Nairobi, Kenya --Like much of sub-Saharan Africa, Kenya faces severe economic problems. A rising external debt, a declining currency, a low per capita income and a troublesome international financial climate represent some of the most significant challenges to the country since its independence. Kenya's population growth rate, the highest in the world, intensifies these problems. Despite all this, many Kenyans boast that their economy is stronger than those in neighboring East African countries.

In the 25 years since independence, the Kenyan economy has generally performed well. Between 1964 and 1971 the economy grew at an average annual rate of 6.5 percent. During the same period, the newly developed industrial sector grew at a yearly rate of 8.2 percent, easily outstripping the dominant agricultural sector, even though the latter posted a healthy average annual growth rate of 4.2 percent. The result was a steadily improving per-capita income. As the economy expanded the central government rapidly expanded services.

Since 1971 the economy has grown more slowly, but has weathered a series of domestic and international obstacles remarkably well. The Gross Domestic Product (GDP) has risen by at least 3 percent annually except in 1984, when a serious drought limited economic expansion to less than 1 percent.

This impressive performance is now threatened by the mounting burden of foreign debt. According to the World Bank, Kenya's total debt as of 1987 was $5.9 billion, which represented 77 percent of its Gross National Product (GNP). The country's scheduled payments for 1989 total $614 million, more than a third of its export earnings. Nonetheless, Kenya's debt problems are less severe than those of its African neighbors and countries in Latin America. Neighboring Tanzania's smaller $4.3 billion debt in 1987 was 153 percent of its GNP, and its scheduled debt payments of $386 million this year will be about 86 percent of its export earnings. And, giant Nigeria's total debt of $28.7 billion was 123 percent of its 1987 GNP and its $5 billion in scheduled repayments this year may amount to almost two-thirds of its export earnings.

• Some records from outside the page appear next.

definition skew_unit :: "nat \<Rightarrow> nat \<Rightarrow> nat \<Rightarrow> complex mat" where
  "skew_unit n a b = mat n n (\<lambda>(i,j). (if i = a \<and> j = b then 1 else 0) - (if i = b \<and> j = a then 1 else 0))"

text \<open>The pairs \<open>(False,a,b) \<mapsto> (E\<^sub>a\<^sub>b - E\<^sub>b\<^sub>a, 0)\<close> and \<open>(True,a,b) \<mapsto> (0, E\<^sub>a\<^sub>b - E\<^sub>b\<^sub>a)\<close>
  span the tangent space \<open>\<Lambda>\<^sup>2V \<times> \<Lambda>\<^sup>2V\<close>.\<close>

definition pair_index :: "nat \<Rightarrow> (bool \<times> nat \<times> nat) set" where
  "pair_index n = UNIV \<times> ({..<n} \<times> {..<n})"

definition pair_unit_X :: "nat \<Rightarrow> bool \<times> nat \<times> nat \<Rightarrow> complex mat" where
  "pair_unit_X n c = (if fst c then 0\<^sub>m n n else skew_unit n (fst (snd c)) (snd (snd c)))"

definition pair_unit_Y :: "nat \<Rightarrow> bool \<times> nat \<times> nat \<Rightarrow> complex mat" where
  "pair_unit_Y n c = (if fst c then skew_unit n (fst (snd c)) (snd (snd c)) else 0\<^sub>m n n)"

lemma pair_index_finite[simp]: "finite (pair_index n)"
  by (simp add: pair_index_def)

lemma index_skew_unit:
  "i < n \<Longrightarrow> j < n \<Longrightarrow> skew_unit n a b $$ (i,j) = (if i = a \<and> j = b then 1 else 0) - (if i = b \<and> j = a then 1 else 0)"
  by (simp add: skew_unit_def)

lemma skew_unit_skew: "skew_unit n a b \<in> skew_mats n"
  unfolding skew_mats_def
proof (intro CollectI conjI)
  show "transpose_mat (skew_unit n a b) = - skew_unit n a b"
  proof (rule eq_matI)
    fix i j assume "i < dim_row (- skew_unit n a b)" "j < dim_col (- skew_unit n a b)"
    then have ij: "i < n" "j < n" by (auto simp: skew_unit_def)
    have "transpose_mat (skew_unit n a b) $$ (i,j) = skew_unit n a b $$ (j,i)"
      using ij by (simp add: skew_unit_def)
    also have "\<dots> = - skew_unit n a b $$ (i,j)"
      unfolding index_skew_unit[OF ij] index_skew_unit[OF ij(2,1)]
      by (simp only: conj_commute[of "j = a"] conj_commute[of "j = b"] minus_diff_eq)
    also have "\<dots> = (- skew_unit n a b) $$ (i,j)"
      using ij by (simp add: skew_unit_def)
    finally show "transpose_mat (skew_unit n a b) $$ (i,j) = (- skew_unit n a b) $$ (i,j)" .
  qed (auto simp: skew_unit_def)
qed (simp add: skew_unit_def)

lemma pair_unit_X_carrier[simp]: "pair_unit_X n c \<in> carrier_mat n n"
  by (simp add: pair_unit_X_def skew_unit_def)

lemma pair_unit_Y_carrier[simp]: "pair_unit_Y n c \<in> carrier_mat n n"
  by (simp add: pair_unit_Y_def skew_unit_def)

lemma pair_unit_X_skew: "pair_unit_X n c \<in> skew_mats n"
  by (simp add: pair_unit_X_def skew_unit_skew zero_skew_mats)

lemma pair_unit_Y_skew: "pair_unit_Y n c \<in> skew_mats n"
  by (simp add: pair_unit_Y_def skew_unit_skew zero_skew_mats)

lemma sum_pair_index:
  "(\<Sum>c\<in>pair_index n. g c) = (\<Sum>a<n. \<Sum>b<n. g (False,a,b)) + (\<Sum>a<n. \<Sum>b<n. g (True,a,b))"
proof -
  have "(\<Sum>c\<in>pair_index n. g c) = (\<Sum>s\<in>UNIV. \<Sum>ab\<in>{..<n}\<times>{..<n}. g (s,ab))"
    unfolding pair_index_def by (rule sum.cartesian_product')
  also have "\<dots> = (\<Sum>ab\<in>{..<n}\<times>{..<n}. g (False,ab)) + (\<Sum>ab\<in>{..<n}\<times>{..<n}. g (True,ab))"
    by (simp add: UNIV_bool)
  finally show ?thesis
    by (simp only: sum.cartesian_product')
qed

lemma double_sum_delta:
  fixes h :: "nat \<Rightarrow> nat \<Rightarrow> 'a::comm_monoid_add"
  assumes "i < n" "j < n"
  shows "(\<Sum>a<n. \<Sum>b<n. if a = i then if b = j then h a b else 0 else 0) = h i j"
proof -
  have "(\<Sum>b<n. if a = i then if b = j then h a b else 0 else 0) = (if a = i then h a j else 0)" for a
    using assms by (simp add: sum.delta)
  then show ?thesis using assms by simp
qed

lemma sum_skew_unit_coeffs:
  assumes "X \<in> skew_mats n" "i < n" "j < n"
  shows "(\<Sum>a<n. \<Sum>b<n. X $$ (a,b) / 2 * skew_unit n a b $$ (i,j)) = X $$ (i,j)"
proof -
  have "X $$ (a,b) / 2 * skew_unit n a b $$ (i,j) =
      (if a = i then if b = j then X $$ (a,b) / 2 else 0 else 0) - (if a = j then if b = i then X $$ (a,b) / 2 else 0 else 0)"
    for a b using assms(2,3) by (auto simp: index_skew_unit)
  then have "(\<Sum>a<n. \<Sum>b<n. X $$ (a,b) / 2 * skew_unit n a b $$ (i,j)) =
      (\<Sum>a<n. \<Sum>b<n. if a = i then if b = j then X $$ (a,b) / 2 else 0 else 0)
      - (\<Sum>a<n. \<Sum>b<n. if a = j then if b = i then X $$ (a,b) / 2 else 0 else 0)"
    by (simp only: sum_subtractf)
  also have "\<dots> = X $$ (i,j) / 2 - X $$ (j,i) / 2"
    by (simp only: double_sum_delta[OF assms(2,3)] double_sum_delta[OF assms(3,2)])
  also have "\<dots> = X $$ (i,j)"
    using skew_mats_entry[OF assms] by simp
  finally show ?thesis .
qed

The Kenyan government has recognized that debt servicing is one of the most critical issues it must address if the country is to continue to progress economically. Domestic interest rates are climbing as more and more of the money supply goes to meet foreign debt repayments.

Kenya relies heavily on foreign investment to stimulate economic development. With mounting debt problems and the tightening of financial markets worldwide, net direct investment in the country has declined and with it, the economy's ability to meet the growing needs of its 22 million people. As a result, the government has increasingly sought multilateral and bilateral aid. All of the major players have been called in: Great Britain, the United States, West Germany, the Scandinavian countries, Japan, the World Bank, the International Monetary Fund and the European Investment Bank. But depending on foreign donors may force Kenya to toe the unpopular IMF austerity line. By emphasizing structural changes aimed at increasing exports that earn foreign currency, the IMF program neglects the needs of the country's population. The goal is to generate domestic savings that will reduce the need to seek outside capital for investment.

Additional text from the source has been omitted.